One thing remains true. All our utility investments are likely to continue to increase their dividends during the next year and the next five years. This week two of our utilities increased their dividend: LNT and ED. In fact, each company with a green arrow is one we hold in our portfolio. So we also will receive an increased dividend from BLK, EPR and O. EPR and O pay monthly dividends.
Potential Actions & Reactions
- Sell your utility stocks and ETF’s. That is certainly an option, but I suggest it is a tough game to know when to get into and out of a sector. If you have sector rebalancing in your written investment plan, then go for it. This option does not fit my investing approach. I buy good-to-great investments and ignore the market’s noise and rush from one asset type to another.
- Do nothing. That is certainly an option. Just continue to hold your utility investments, including ETF’s like FUTY.
- Buy more utilities. This is certainly an option, but when should you buy? The easiest way to do this is to find an ETF that has a low expense ratio and a decent yield and buy blocks of shares every quarter. FUTY (Fidelity® MSCI Utilities Index ETF) has a current yield of about 3% and a low expense ratio of 0.08%. It’s top holdings include NEE, DUK, D, SO, EXC, AEP, ED, XEL and WEC.

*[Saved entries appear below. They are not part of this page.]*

lemma cdf_taub: "measure M {x\<in>space M. taub x \<le> s} = measure M {x\<in>space M. tau x \<le> s}"
proof -
  have "measure M {x\<in>space M. X x \<le> s} = measure (distr M borel X) {..s}"
    if [measurable]: "X \<in> borel_measurable M" for X
    by (subst measure_distr) (auto simp: vimage_def Int_def conj_commute)
  then show ?thesis by (simp add: same_distr)
qed

lemma integrable_wait: "integrable M (\<lambda>x. pplus (g - taub x))"
  by (rule Bochner_Integration.integrable_bound[where f="\<lambda>x. \<bar>g\<bar> + \<bar>taub x\<bar>"])
    (use integrable_taub in \<open>auto simp: pplus_def\<close>)

lemma integrable_wait_prod: "integrable M (\<lambda>x. taub x * pplus (g - taub x))"
proof (rule Bochner_Integration.integrable_bound[where f="\<lambda>x. \<bar>g\<bar> * \<bar>taub x\<bar> + (taub x)\<^sup>2"])
  show "integrable M (\<lambda>x. \<bar>g\<bar> * \<bar>taub x\<bar> + (taub x)\<^sup>2)"
    using integrable_taub square_integrable_taub by auto
  have "\<bar>t * pplus (g - t)\<bar> \<le> \<bar>g\<bar> * \<bar>t\<bar> + t\<^sup>2" for t
    unfolding pplus_def power2_eq_square abs_mult by (auto simp: max_def algebra_simps abs_if)
  then show "AE x in M. norm (taub x * pplus (g - taub x)) \<le> norm (\<bar>g\<bar> * \<bar>taub x\<bar> + (taub x)\<^sup>2)"
    by auto
qed auto
lemma closed_subspace_nearest_point:
  fixes N :: "'h::{complex_inner,complete_space} set"
  assumes closed: "closed N" and N: "csubspace N"
  shows "\<exists>n\<in>N. \<forall>m\<in>N. norm (w - n) \<le> norm (w - m)"
proof -
  define D where "D = Inf ((\<lambda>n. (norm (w - n))\<^sup>2) ` N)"
  have bdd: "bdd_below ((\<lambda>n. (norm (w - n))\<^sup>2) ` N)"
    by (rule bdd_belowI[of _ 0]) auto
  have D_le: "D \<le> (norm (w - m))\<^sup>2" if "m \<in> N" for m
    unfolding D_def using bdd that by (simp add: cInf_lower)
  have "\<exists>n\<in>N. (norm (w - n))\<^sup>2 < D + inverse (real (Suc k))" for k
  proof -
    have "Inf ((\<lambda>n. (norm (w - n))\<^sup>2) ` N) < D + inverse (real (Suc k))"
      unfolding D_def by simp
    then show ?thesis
      using csubspace_zero[OF N] by (subst (asm) cInf_less_iff) (auto simp: bdd)
  qed
  then obtain ns where ns: "\<And>k. ns k \<in> N"
    and ns_approx: "\<And>k. (norm (w - ns k))\<^sup>2 < D + inverse (real (Suc k))"
    by metis
  obtain n where lim: "ns \<longlonglongrightarrow> n"
    using minimizing_sequence_Cauchy[OF N ns D_le ns_approx] Cauchy_convergent_iff convergent_def
    by blast
  have "n \<in> N"
    using closed ns lim closed_sequentially by blast
  moreover have "(norm (w - n))\<^sup>2 \<le> D"
  proof (rule LIMSEQ_le)
    show "(\<lambda>k. (norm (w - ns k))\<^sup>2) \<longlonglongrightarrow> (norm (w - n))\<^sup>2"
      by (intro tendsto_intros lim)
    show "(\<lambda>k. D + inverse (real (Suc k))) \<longlonglongrightarrow> D"
      using tendsto_add[OF tendsto_const LIMSEQ_inverse_real_of_nat, of D] by simp
  qed (use ns_approx less_imp_le in blast)
  ultimately show ?thesis
    using D_le by (meson norm_ge_zero order_trans power2_le_imp_le)
qed

lemma nearest_point_orthogonal:
  fixes z x :: "'a::complex_inner"
  assumes nearest: "\<And>c. norm z \<le> norm (z - c *\<^sub>C x)"
  shows "cinner z x = 0"
proof -
  define a where "a = cinner z x"
  define s where "s = 1 / ((norm x)\<^sup>2 + 1)"
  define c where "c = complex_of_real s * a"
  have x1: "(norm x)\<^sup>2 + 1 > 0"
    by (simp add: add_nonneg_pos)
  then have s: "s > 0" "s * (norm x)\<^sup>2 \<le> 1"
    unfolding s_def by (simp_all add: field_simps)
  have aa: "a * cnj a = complex_of_real ((cmod a)\<^sup>2)"
    by (rule complex_norm_square[symmetric])
  have expand: "cinner (z + (- c) *\<^sub>C x) (z + (- c) *\<^sub>C x)
      = cinner z z + cnj (- c) * a + (- c) * cnj a + (- c) * cnj (- c) * cinner x x"
    unfolding a_def by (rule inner_product_on.expand[OF inner_product_on_UNIV]) simp_all
  have t1: "cnj (- c) * a = - complex_of_real (s * (cmod a)\<^sup>2)"
    and t2: "(- c) * cnj a = - complex_of_real (s * (cmod a)\<^sup>2)"
    unfolding c_def using aa by (simp_all add: algebra_simps)
  have t3: "(- c) * cnj (- c) * cinner x x = complex_of_real (s\<^sup>2 * (cmod a)\<^sup>2 * (norm x)\<^sup>2)"
    unfolding c_def cinner_self using aa by (simp add: algebra_simps power2_eq_square)
  have "(norm z)\<^sup>2 \<le> (norm (z + (- c) *\<^sub>C x))\<^sup>2"
    using nearest[of c] by (simp add: scaleC_minus_left)
  also have "\<dots> = Re (cinner (z + (- c) *\<^sub>C x) (z + (- c) *\<^sub>C x))"
    by (simp only: cinner_self Re_complex_of_real)
  also have "\<dots> = (norm z)\<^sup>2 - 2 * (s * (cmod a)\<^sup>2) + s\<^sup>2 * (cmod a)\<^sup>2 * (norm x)\<^sup>2"
    unfolding expand t1 t2 t3 by (simp add: cinner_self)
  finally have "2 * (s * (cmod a)\<^sup>2) \<le> s * (s * (norm x)\<^sup>2) * (cmod a)\<^sup>2"
    by (simp add: power2_eq_square algebra_simps)
  also have "\<dots> \<le> s * 1 * (cmod a)\<^sup>2"
    using s by (intro mult_right_mono mult_left_mono) auto
  finally have "(cmod a)\<^sup>2 \<le> 0"
    using s by (simp add: mult_le_0_iff)
  then show ?thesis
    unfolding a_def by simp
qed

lemma bounded_antilinear_kernel:
  fixes l :: "'a::complex_inner \<Rightarrow> complex"
  assumes add: "\<And>x y. l (x + y) = l x + l y"
    and scaleC: "\<And>c x. l (c *\<^sub>C x) = cnj c * l x"
    and bounded: "\<And>x. cmod (l x) \<le> C * norm x"
  shows "closed (l -` {0})" and "csubspace (l -` {0})"
proof -
  have "bounded_linear l"
  proof (rule bounded_linear_intro[OF add])
    show "l (r *\<^sub>R x) = r *\<^sub>R l x" for r x
      using scaleC[of "complex_of_real r" x] by (simp add: scaleC_of_real scaleR_conv_of_real)
    show "norm (l x) \<le> norm x * C" for x
      using bounded[of x] by (simp only: mult.commute)
  qed
  then show "closed (l -` {0})"
    by (intro continuous_closed_vimage) (auto intro: linear_continuous_at)
  show "csubspace (l -` {0})"
    unfolding csubspace_def using add[of 0 0] by (simp add: add scaleC)
qed

lemma riesz_representation:
  fixes l :: "'h::{complex_inner,complete_space} \<Rightarrow> complex"
  assumes add: "\<And>x y. l (x + y) = l x + l y"
    and scaleC: "\<And>c x. l (c *\<^sub>C x) = cnj c * l x"
    and bounded: "\<And>x. cmod (l x) \<le> C * norm x"
  shows "\<exists>v. \<forall>w. cinner v w = l w"
proof (cases "\<forall>w. l w = 0")
  case True
  then show ?thesis by (intro exI[of _ 0]) simp
next
  case False
  then obtain w where lw: "l w \<noteq> 0" by blast
  have l0: "l 0 = 0"
    using add[of 0 0] by simp
  have diff: "l (x - y) = l x - l y" for x y
    using add[of "x - y" y] by simp
  obtain n where n: "l n = 0"
    and nearest: "\<And>m. l m = 0 \<Longrightarrow> norm (w - n) \<le> norm (w - m)"
    using closed_subspace_nearest_point[OF bounded_antilinear_kernel[OF add scaleC bounded], of w]
    by auto
  define z where "z = w - n"
  have lz: "l z = l w"
    unfolding z_def using diff n by simp
  have orth: "cinner z x = 0" if "l x = 0" for x
  proof (rule nearest_point_orthogonal)
    fix c
    have "l (n + c *\<^sub>C x) = 0"
      using n that by (simp only: add scaleC) simp
    then have "norm (w - n) \<le> norm (w - (n + c *\<^sub>C x))"
      by (rule nearest)
    then show "norm z \<le> norm (z - c *\<^sub>C x)"
      unfolding z_def by (simp only: diff_diff_eq)
  qed
  have z: "complex_of_real ((norm z)\<^sup>2) \<noteq> 0"
    using lz lw l0 by auto
  show ?thesis
  proof (intro exI[of _ "(l z / complex_of_real ((norm z)\<^sup>2)) *\<^sub>C z"] allI)
    fix x
    define c where "c = cnj (l x / l z)"
    have "l (x - c *\<^sub>C z) = 0"
      unfolding c_def using diff scaleC lz lw by simp
    then have "cinner z (x - c *\<^sub>C z) = 0"
      by (rule orth)
    then have "cinner z x = cnj c * cinner z z"
      by (simp add: cinner_diff_right cinner_scaleC_right)
    then have "cinner z x = (l x / l z) * complex_of_real ((norm z)\<^sup>2)"
      unfolding c_def cinner_self by simp
    then show "cinner ((l z / complex_of_real ((norm z)\<^sup>2)) *\<^sub>C z) x = l x"
      using z lz lw by (simp add: cinner_scaleC_left)
  qed
qed

lemma cinner_dense_eq:
  fixes D :: "'h::complex_inner set"
  assumes dense: "closure D = UNIV" and eq: "\<And>u. u \<in> D \<Longrightarrow> cinner u w = cinner u w'"
  shows "w = w'"
proof (rule ccontr)
  assume "w \<noteq> w'"
  define d where "d = w - w'"
  have d: "norm d > 0"
    using \<open>w \<noteq> w'\<close> unfolding d_def by simp
  have orth: "cinner u d = 0" if "u \<in> D" for u
    using eq[OF that] unfolding d_def by (simp add: cinner_diff_right)
  obtain u where u: "u \<in> D" "dist u d < norm d / 2"
    using dense d closure_approachable[of d D] by (metis UNIV_I half_gt_zero)
  have "cinner d d = cinner (d - u) d"
    using orth[OF u(1)] by (simp add: cinner_diff_left)
  then have "(norm d)\<^sup>2 = cmod (cinner (d - u) d)"
    by (metis cinner_self norm_of_real abs_power2)
  also have "\<dots> \<le> norm (d - u) * norm d"
    by (rule norm_cinner_le)
  also have "\<dots> \<le> norm d / 2 * norm d"
    using u(2) by (intro mult_right_mono) (auto simp: dist_norm norm_minus_commute)
  also have "\<dots> < (norm d)\<^sup>2"
    using d by (simp add: power2_eq_square)
  finally show False
    by simp
qed

lemma cinner_adj:
  assumes "v \<in> adj_dom D T" and "u \<in> D"
  shows "cinner (T u) v = cinner u (adj D T v)"
proof -
  have "\<exists>w. \<forall>u\<in>D. cinner (T u) v = cinner u w"
    using assms(1) unfolding adj_dom_def by blast
  then have "\<forall>u\<in>D. cinner (T u) v = cinner u (adj D T v)"
    unfolding adj_def by (rule someI_ex)
  then show ?thesis
    using assms(2) by blast
qed

lemma adj_eqI:
  fixes D :: "'h::complex_inner set"
  assumes dense: "closure D = UNIV" and eq: "\<And>u. u \<in> D \<Longrightarrow> cinner (T u) v = cinner u w"
  shows "v \<in> adj_dom D T" and "adj D T v = w"
proof -
  show v: "v \<in> adj_dom D T"
    unfolding adj_dom_def using eq by blast
  show "adj D T v = w"
    using dense by (rule cinner_dense_eq) (simp add: eq cinner_adj[OF v, symmetric])
qed

lemma
  fixes D :: "'h::complex_inner set"
  assumes dense: "closure D = UNIV" and v: "v \<in> adj_dom D T" and v': "v' \<in> adj_dom D T"
  shows adj_dom_add: "v + v' \<in> adj_dom D T"
    and adj_add: "adj D T (v + v') = adj D T v + adj D T v'"
    and adj_dom_diff: "v - v' \<in> adj_dom D T"
    and adj_diff: "adj D T (v - v') = adj D T v - adj D T v'"
proof -
  have "cinner (T u) (v + v') = cinner u (adj D T v + adj D T v')"
    and "cinner (T u) (v - v') = cinner u (adj D T v - adj D T v')" if "u \<in> D" for u
    using that by (simp_all add: cinner_adj[OF v] cinner_adj[OF v'] cinner_add_right cinner_diff_right)
  then show "v + v' \<in> adj_dom D T" "adj D T (v + v') = adj D T v + adj D T v'"
    "v - v' \<in> adj_dom D T" "adj D T (v - v') = adj D T v - adj D T v'"
    using adj_eqI[OF dense] by blast+
qed

lemma adj_dom_zero: "closure D = UNIV \<Longrightarrow> (0::'h::complex_inner) \<in> adj_dom D T"
  and adj_zero: "closure D = UNIV \<Longrightarrow> adj D T (0::'h::complex_inner) = 0"
  using adj_eqI[of D T 0 0] by simp_all

lemma norm_le_graph_norm: "norm v \<le> graph_norm D T v"
  and norm_adj_le_graph_norm: "norm (adj D T v) \<le> graph_norm D T v"
  and graph_norm_le: "graph_norm D T v \<le> norm v + norm (adj D T v)"
  and graph_norm_nonneg: "0 \<le> graph_norm D T v"
  unfolding graph_norm_def by (simp_all add: sqrt_sum_squares_le_sum)

lemma graph_norm_eq_norm: "adj D T v = 0 \<Longrightarrow> graph_norm D T v = norm v"
  unfolding graph_norm_def by simp

lemma antidual_add: "f \<in> antidual K ipK \<Longrightarrow> x \<in> K \<Longrightarrow> y \<in> K \<Longrightarrow> f (x + y) = f x + f y"
  and antidual_scaleC: "f \<in> antidual K ipK \<Longrightarrow> x \<in> K \<Longrightarrow> f (c *\<^sub>C x) = cnj c * f x"
  and antidual_bounded: "f \<in> antidual K ipK \<Longrightarrow> \<exists>C. \<forall>x\<in>K. cmod (f x) \<le> C * ip_norm ipK x"
  and antidual_outside: "f \<in> antidual K ipK \<Longrightarrow> x \<notin> K \<Longrightarrow> f x = 0"
  unfolding antidual_def by blast+

context inner_product_on
begin

lemma antidual_zero: "f \<in> antidual V ip \<Longrightarrow> f 0 = 0"
  using antidual_add[of f V ip 0 0] mem_zero by simp

lemma dual_norm_bdd_above:
  assumes f: "f \<in> antidual V ip"
  shows "bdd_above ((\<lambda>x. cmod (f x)) ` {x\<in>V. nm x \<le> 1})"
proof -
  obtain C where C: "\<And>x. x \<in> V \<Longrightarrow> cmod (f x) \<le> C * nm x"
    using antidual_bounded[OF f] by blast
  show ?thesis
  proof (rule bdd_aboveI[of _ "max C 0"])
    fix y
    assume "y \<in> (\<lambda>x. cmod (f x)) ` {x\<in>V. nm x \<le> 1}"
    then obtain x where x: "x \<in> V" "nm x \<le> 1" "y = cmod (f x)" by blast
    have "y \<le> max C 0 * nm x"
      using C[OF x(1)] nm_nonneg[OF x(1)] x(3) by (smt (verit) mult_right_mono max.cobounded1)
    also have "\<dots> \<le> max C 0"
      using x(2) by (simp add: mult_left_le)
    finally show "y \<le> max C 0" .
  qed
qed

- Turn on dividend reinvestment. I generally turn off reinvestment for my larger holdings so that I can invest the dividends in other sectors during up or down markets. However, I will be turning on dividend reinvestment for most, if not all, of my utility holdings.
Conclusion – Rebalancing your portfolio is a necessity if you cannot think like an owner. However, by its very nature rebalancing means you will probably sell your best investments (the ones that have grown in value) to buy assets that are undervalued by the market. That may be a good thing, but do it based on a plan not just to “rebalance.”